Lew J I, Daud A, DiGorgi M F, Olivero-Rivera L, Davis D G, Bessler M
Center for Obesity Surgery, New York-Presbyterian Hospital and Columbia University, College of Physicians and Surgeons, 161 Fort Washington Avenue, 6th Floor, Room 620, New York, New York 10032, USA.
Surg Endosc. 2006 Aug;20(8):1242-7. doi: 10.1007/s00464-005-0589-4. Epub 2006 Jul 20.
Laparoscopic adjustable silicone gastric banding (LASGB) for morbid obesity has been reported to provide long-term weight loss with a low risk of operative complications. Nevertheless, esophageal dilation leading to achalasia-like and reflux symptoms is a feared complication of LASGB. This study evaluates the clinical benefit of routine preoperative esophageal manometry in predicting outcome after LASGB in morbidly obese patients.
A review of prospectively collected data on 77 patients who underwent routine esophageal manometry prior to LASGB for morbid obesity from February 2001 to September 2003 was performed. Aberrant motility, abnormal lower esophageal sphincter (LES) pressures, and other nonspecific esophageal motility disorders noted on preoperative esophageal manometry defined patients of the abnormal manometry group. Outcome differences in weight loss, emesis, band complications, and gastroesophageal reflux disease (GERD) resolution or improvement were compared between patients of the abnormal and normal manometry groups after LASGB. Analysis of variance (ANOVA) and chi-square tests were performed to determine the significance of these outcomes.
Of the patients tested, 14 had abnormal esophageal manometry results, whereas 63 had normal manometry results before LASGB. There was no significant difference in percent excess weight loss (%EWL) at 6 and 12 months between the groups after gastric banding. Severe postoperative emesis occurred more frequently in patients with abnormal manometry results than in those with normal manometry results. There were two band-related complications, both of which occurred in patients of the normal manometry group.
Preoperative esophageal manometry does not predict weight loss or GERD outcomes after LASGB in morbidly obese patients. Postoperative emesis was more common in patients with abnormal manometry findings, but such symptoms were manageable and did not lead to poor weight loss or to band removal or increased band-related complications.
据报道,用于治疗病态肥胖的腹腔镜可调节硅胶胃束带术(LASGB)可实现长期体重减轻,且手术并发症风险较低。然而,食管扩张导致类似贲门失弛缓症和反流症状是LASGB令人担忧的并发症。本研究评估了常规术前食管测压对预测病态肥胖患者LASGB术后结局的临床益处。
回顾性分析2001年2月至2003年9月期间77例因病态肥胖接受LASGB术前常规食管测压的患者的前瞻性收集数据。
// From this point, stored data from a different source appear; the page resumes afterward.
text \<open>
  The sum \<open>S = \<Sum>\<^sub>i (\<A>\<P>\<^sub>k)\<^sup>i \<phi>\<close> of the Neumann series is the unique solution of
  \<open>S = \<phi> + \<A>\<P>\<^sub>k S\<close>. Testing \<open>\<tilde>\<P>\<^sub>k S = 0\<close> against the simple tensors \<open>z \<otimes> y\<^sub>j\<close> and using
  \<open>\<langle>k\<^sub>i, y\<^sub>j\<rangle>\<^sub>2 = \<delta>\<^sub>i\<^sub>j\<close> shows that every partial inner product \<open>\<langle>S, y\<^sub>j\<rangle>\<^sub>2\<^sub>'\<close> vanishes, so
  \<open>\<tilde>\<P>\<^sub>u S = 0\<close> for every family \<open>u\<close>, in particular for \<open>u = k'\<close>. Hence \<open>\<A>\<P>\<^sub>k\<^sub>' S = \<A>\<P>\<^sub>k S\<close>
  and \<open>S\<close> also solves \<open>S = \<phi> + \<A>\<P>\<^sub>k\<^sub>' S\<close>. As \<open>\<A>\<P>\<^sub>k\<^sub>' = \<A>\<P>\<^sub>k - \<epsilon>\<A>\<tilde>\<P>\<^sub>\<eta>\<close> has operator norm
  below \<open>1\<close>, its Neumann series converges to the unique solution of that equation, which is \<open>S\<close>.
\<close>

instance complex_hilbert \<subseteq> banach ..

lemma cinner_zero_left [simp]: "cinner 0 (y::'a::complex_inner) = 0"
  using cinner_add_left[of "0::'a" 0 y] by simp

lemma cinner_add_right: "cinner (x::'a::complex_inner) (y + z) = cinner x y + cinner x z"
  using cinner_commute[of x "y + z"] cinner_commute[of y x] cinner_commute[of z x]
  by (simp add: cinner_add_left)

lemma cinner_diff_left: "cinner (x - x'::'a::complex_inner) y = cinner x y - cinner x' y"
  using cinner_add_left[of x "- x'" y] cinner_add_left[of x' "- x'" y]
  by (simp add: eq_neg_iff_add_eq_0 add.commute)

lemma cinner_scaleC_right: "cinner (x::'a::complex_inner) (a *\<^sub>C y) = cnj a * cinner x y"
  using cinner_commute[of x "a *\<^sub>C y"] cinner_commute[of y x] by (simp add: cinner_scaleC_left)

lemma cinner_scaleR_left: "cinner (r *\<^sub>R x::'a::complex_inner) y = of_real r * cinner x y"
  by (simp add: scaleR_scaleC cinner_scaleC_left)

lemma cinner_sum_left: "cinner (\<Sum>i\<in>F. f i::'a::complex_inner) y = (\<Sum>i\<in>F. cinner (f i) y)"
  by (induction F rule: infinite_finite_induct) (auto simp: cinner_add_left)

lemma cinner_self_eq_norm_power2: "cinner (x::'a::complex_inner) x = of_real ((norm x)\<^sup>2)"
proof -
  have "Im (cinner x x) = 0"
    using arg_cong[OF cinner_commute[of x x], of Im] by simp
  moreover have "Re (cinner x x) = (norm x)\<^sup>2"
    by (simp add: norm_eq_sqrt_cinner cinner_self_nonneg)
  ultimately show ?thesis by (simp add: complex_eq_iff)
qed

lemma norm_scaleC: "norm (a *\<^sub>C (x::'a::complex_inner)) = cmod a * norm x"
proof -
  have "cinner (a *\<^sub>C x) (a *\<^sub>C x) = of_real ((cmod a * norm x)\<^sup>2)"
    by (simp add: cinner_scaleC_left cinner_scaleC_right cinner_self_eq_norm_power2[of x]
        power_mult_distrib mult.assoc mult.commute[of "cnj a"] flip: complex_norm_square)
  then have "(norm (a *\<^sub>C x))\<^sup>2 = (cmod a * norm x)\<^sup>2"
    by (metis cinner_self_eq_norm_power2 of_real_eq_iff)
  then show ?thesis by (rule power2_eq_imp_eq) auto
qed

lemma Re_cinner_le_norm: "Re (cinner (x::'a::complex_inner) y) \<le> norm x * norm y"
proof -
  have "cinner (x + y) (x + y) = cinner x x + cinner x y + cnj (cinner x y) + cinner y y"
    by (simp add: cinner_add_left cinner_add_right cinner_commute[of y x])
  then have "(norm (x + y))\<^sup>2 = (norm x)\<^sup>2 + 2 * Re (cinner x y) + (norm y)\<^sup>2"
    by (simp add: cinner_self_eq_norm_power2 complex_eq_iff)
  moreover have "(norm (x + y))\<^sup>2 \<le> (norm x + norm y)\<^sup>2"
    by (simp add: norm_triangle_ineq power_mono)
  ultimately show ?thesis by (simp add: power2_sum)
qed

text \<open>Rotating \<open>x\<close> by a unimodular scalar makes the inner product real and nonnegative.\<close>
lemma norm_cinner_le: "cmod (cinner (x::'a::complex_inner) y) \<le> norm x * norm y"
proof (cases "cinner x y = 0")
  case False
  define a where "a = cnj (cinner x y) / cmod (cinner x y)"
  have "cmod a = 1" using False by (simp add: a_def norm_divide)
  have "cmod (cinner x y) = Re (cinner (a *\<^sub>C x) y)"
    using False by (simp add: a_def cinner_scaleC_left field_simps power2_eq_square flip: complex_norm_square)
  also have "\<dots> \<le> norm (a *\<^sub>C x) * norm y" by (rule Re_cinner_le_norm)
  finally show ?thesis by (simp add: norm_scaleC \<open>cmod a = 1\<close>)
qed simp

lemma tendsto_cinner_left:
  assumes "f \<longlonglongrightarrow> l"
  shows "(\<lambda>n. cinner (f n) (z::'a::complex_inner)) \<longlonglongrightarrow> cinner l z"
proof -
  have "(\<lambda>n. cinner (f n) z - cinner l z) \<longlonglongrightarrow> 0"
  proof (rule tendsto_0_le[where K = "norm z"])
    show "(\<lambda>n. f n - l) \<longlonglongrightarrow> 0" using assms by (rule LIM_zero)
    show "\<forall>\<^sub>F n in sequentially. norm (cinner (f n) z - cinner l z) \<le> norm (f n - l) * norm z"
      using norm_cinner_le[of "f _ - l" z] by (simp add: cinner_diff_left)
  qed
  then show ?thesis by (rule LIM_zero_cancel)
qed

lemma Cauchy_if_dist_le_mult:
  assumes "Cauchy X" and dist: "\<And>m n. dist (Y m) (Y n) \<le> C * dist (X m) (X n)"
  shows "Cauchy Y"
proof (rule metric_CauchyI)
  fix e :: real assume "0 < e"
  define C' where "C' = max C 1"
  have "0 < C'" by (simp add: C'_def)
  with \<open>Cauchy X\<close> \<open>0 < e\<close> obtain M where M: "\<And>m n. M \<le> m \<Longrightarrow> M \<le> n \<Longrightarrow> dist (X m) (X n) < e / C'"
    by (meson divide_pos_pos metric_CauchyD)
  have "dist (Y m) (Y n) < e" if "M \<le> m" "M \<le> n" for m n
  proof -
    have "dist (Y m) (Y n) \<le> C' * dist (X m) (X n)"
      using dist[of m n] by (rule order_trans) (simp add: C'_def mult_right_mono)
    also have "\<dots> < e" using M[OF that] \<open>0 < C'\<close> by (simp add: pos_less_divide_eq mult.commute)
    finally show ?thesis .
  qed
  then show "\<exists>M. \<forall>m\<ge>M. \<forall>n\<ge>M. dist (Y m) (Y n) < e" by blast
qed

lemma onorm_diff_le:
  assumes "bounded_linear f" and "bounded_linear g"
  shows "onorm (\<lambda>x. f x - g x) \<le> onorm f + onorm g"
  using onorm_triangle[OF assms(1) bounded_linear_minus[OF assms(2)]] by (simp add: onorm_neg)

definition is_pinner :: "('h1::complex_hilbert \<Rightarrow> 'h2::complex_hilbert \<Rightarrow> 'h::complex_hilbert)
    \<Rightarrow> 'h \<Rightarrow> 'h2 \<Rightarrow> 'h1 \<Rightarrow> bool" where
  "is_pinner t x y w \<longleftrightarrow> (\<forall>z. cinner w z = cinner x (t z y))"

lemma is_pinner_unique: "is_pinner t x y w \<Longrightarrow> is_pinner t x y w' \<Longrightarrow> w = w'"
  unfolding is_pinner_def
  by (metis cinner_diff_left cinner_self_eq_zero diff_self eq_iff_diff_eq_0)

lemma is_pinner_diff: "is_pinner t x y w \<Longrightarrow> is_pinner t x' y w' \<Longrightarrow> is_pinner t (x - x') y (w - w')"
  by (simp add: is_pinner_def cinner_diff_left)

context
  fixes t :: "'h1::complex_hilbert \<Rightarrow> 'h2::complex_hilbert \<Rightarrow> 'h::complex_hilbert"
  assumes tensor: "hilbert_tensor t"
begin

lemma tensor_add_right: "t a (b + b') = t a b + t a b'"
  using tensor unfolding hilbert_tensor_def by blast

lemma tensor_scaleR_left: "t (r *\<^sub>R a) b = r *\<^sub>R t a b"
  using tensor unfolding hilbert_tensor_def by (simp add: scaleR_scaleC)

lemma tensor_scaleR_right: "t a (r *\<^sub>R b) = r *\<^sub>R t a b"
  using tensor unfolding hilbert_tensor_def by (simp add: scaleR_scaleC)

lemma cinner_tensor: "cinner (t a b) (t a' b') = cinner a a' * cinner b b'"
  using tensor unfolding hilbert_tensor_def by blast

lemma tensor_zero_left [simp]: "t 0 b = 0"
  using tensor_scaleR_left[of 0 0 b] by simp

lemma norm_tensor: "norm (t a b) = norm a * norm b"
proof -
  have "complex_of_real ((norm (t a b))\<^sup>2) = of_real ((norm a * norm b)\<^sup>2)"
    using cinner_tensor[of a b a b]
    by (simp only: cinner_self_eq_norm_power2 power_mult_distrib of_real_mult)
  then have "(norm (t a b))\<^sup>2 = (norm a * norm b)\<^sup>2"
    by (simp only: of_real_eq_iff)
  then show ?thesis by (rule power2_eq_imp_eq) auto
qed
术前食管测压发现的异常动力、食管下括约肌(LES)压力异常及其他非特异性食管动力障碍定义为异常测压组患者。比较LASGB术后异常测压组和正常测压组患者在体重减轻、呕吐、束带并发症及胃食管反流病(GERD)缓解或改善方面的结局差异。采用方差分析(ANOVA)和卡方检验确定这些结局的显著性。
在接受测试的患者中,14例食管测压结果异常,而63例在LASGB术前测压结果正常。胃束带术后6个月和12个月时,两组间超重体重减轻百分比(%EWL)无显著差异。测压结果异常的患者术后严重呕吐发生率高于测压结果正常的患者。有2例与束带相关的并发症,均发生在正常测压组患者中。
术前食管测压不能预测病态肥胖患者LASGB术后的体重减轻或GERD结局。测压结果异常的患者术后呕吐更常见,但此类症状可控制,不会导致体重减轻不佳、束带移除或束带相关并发症增加。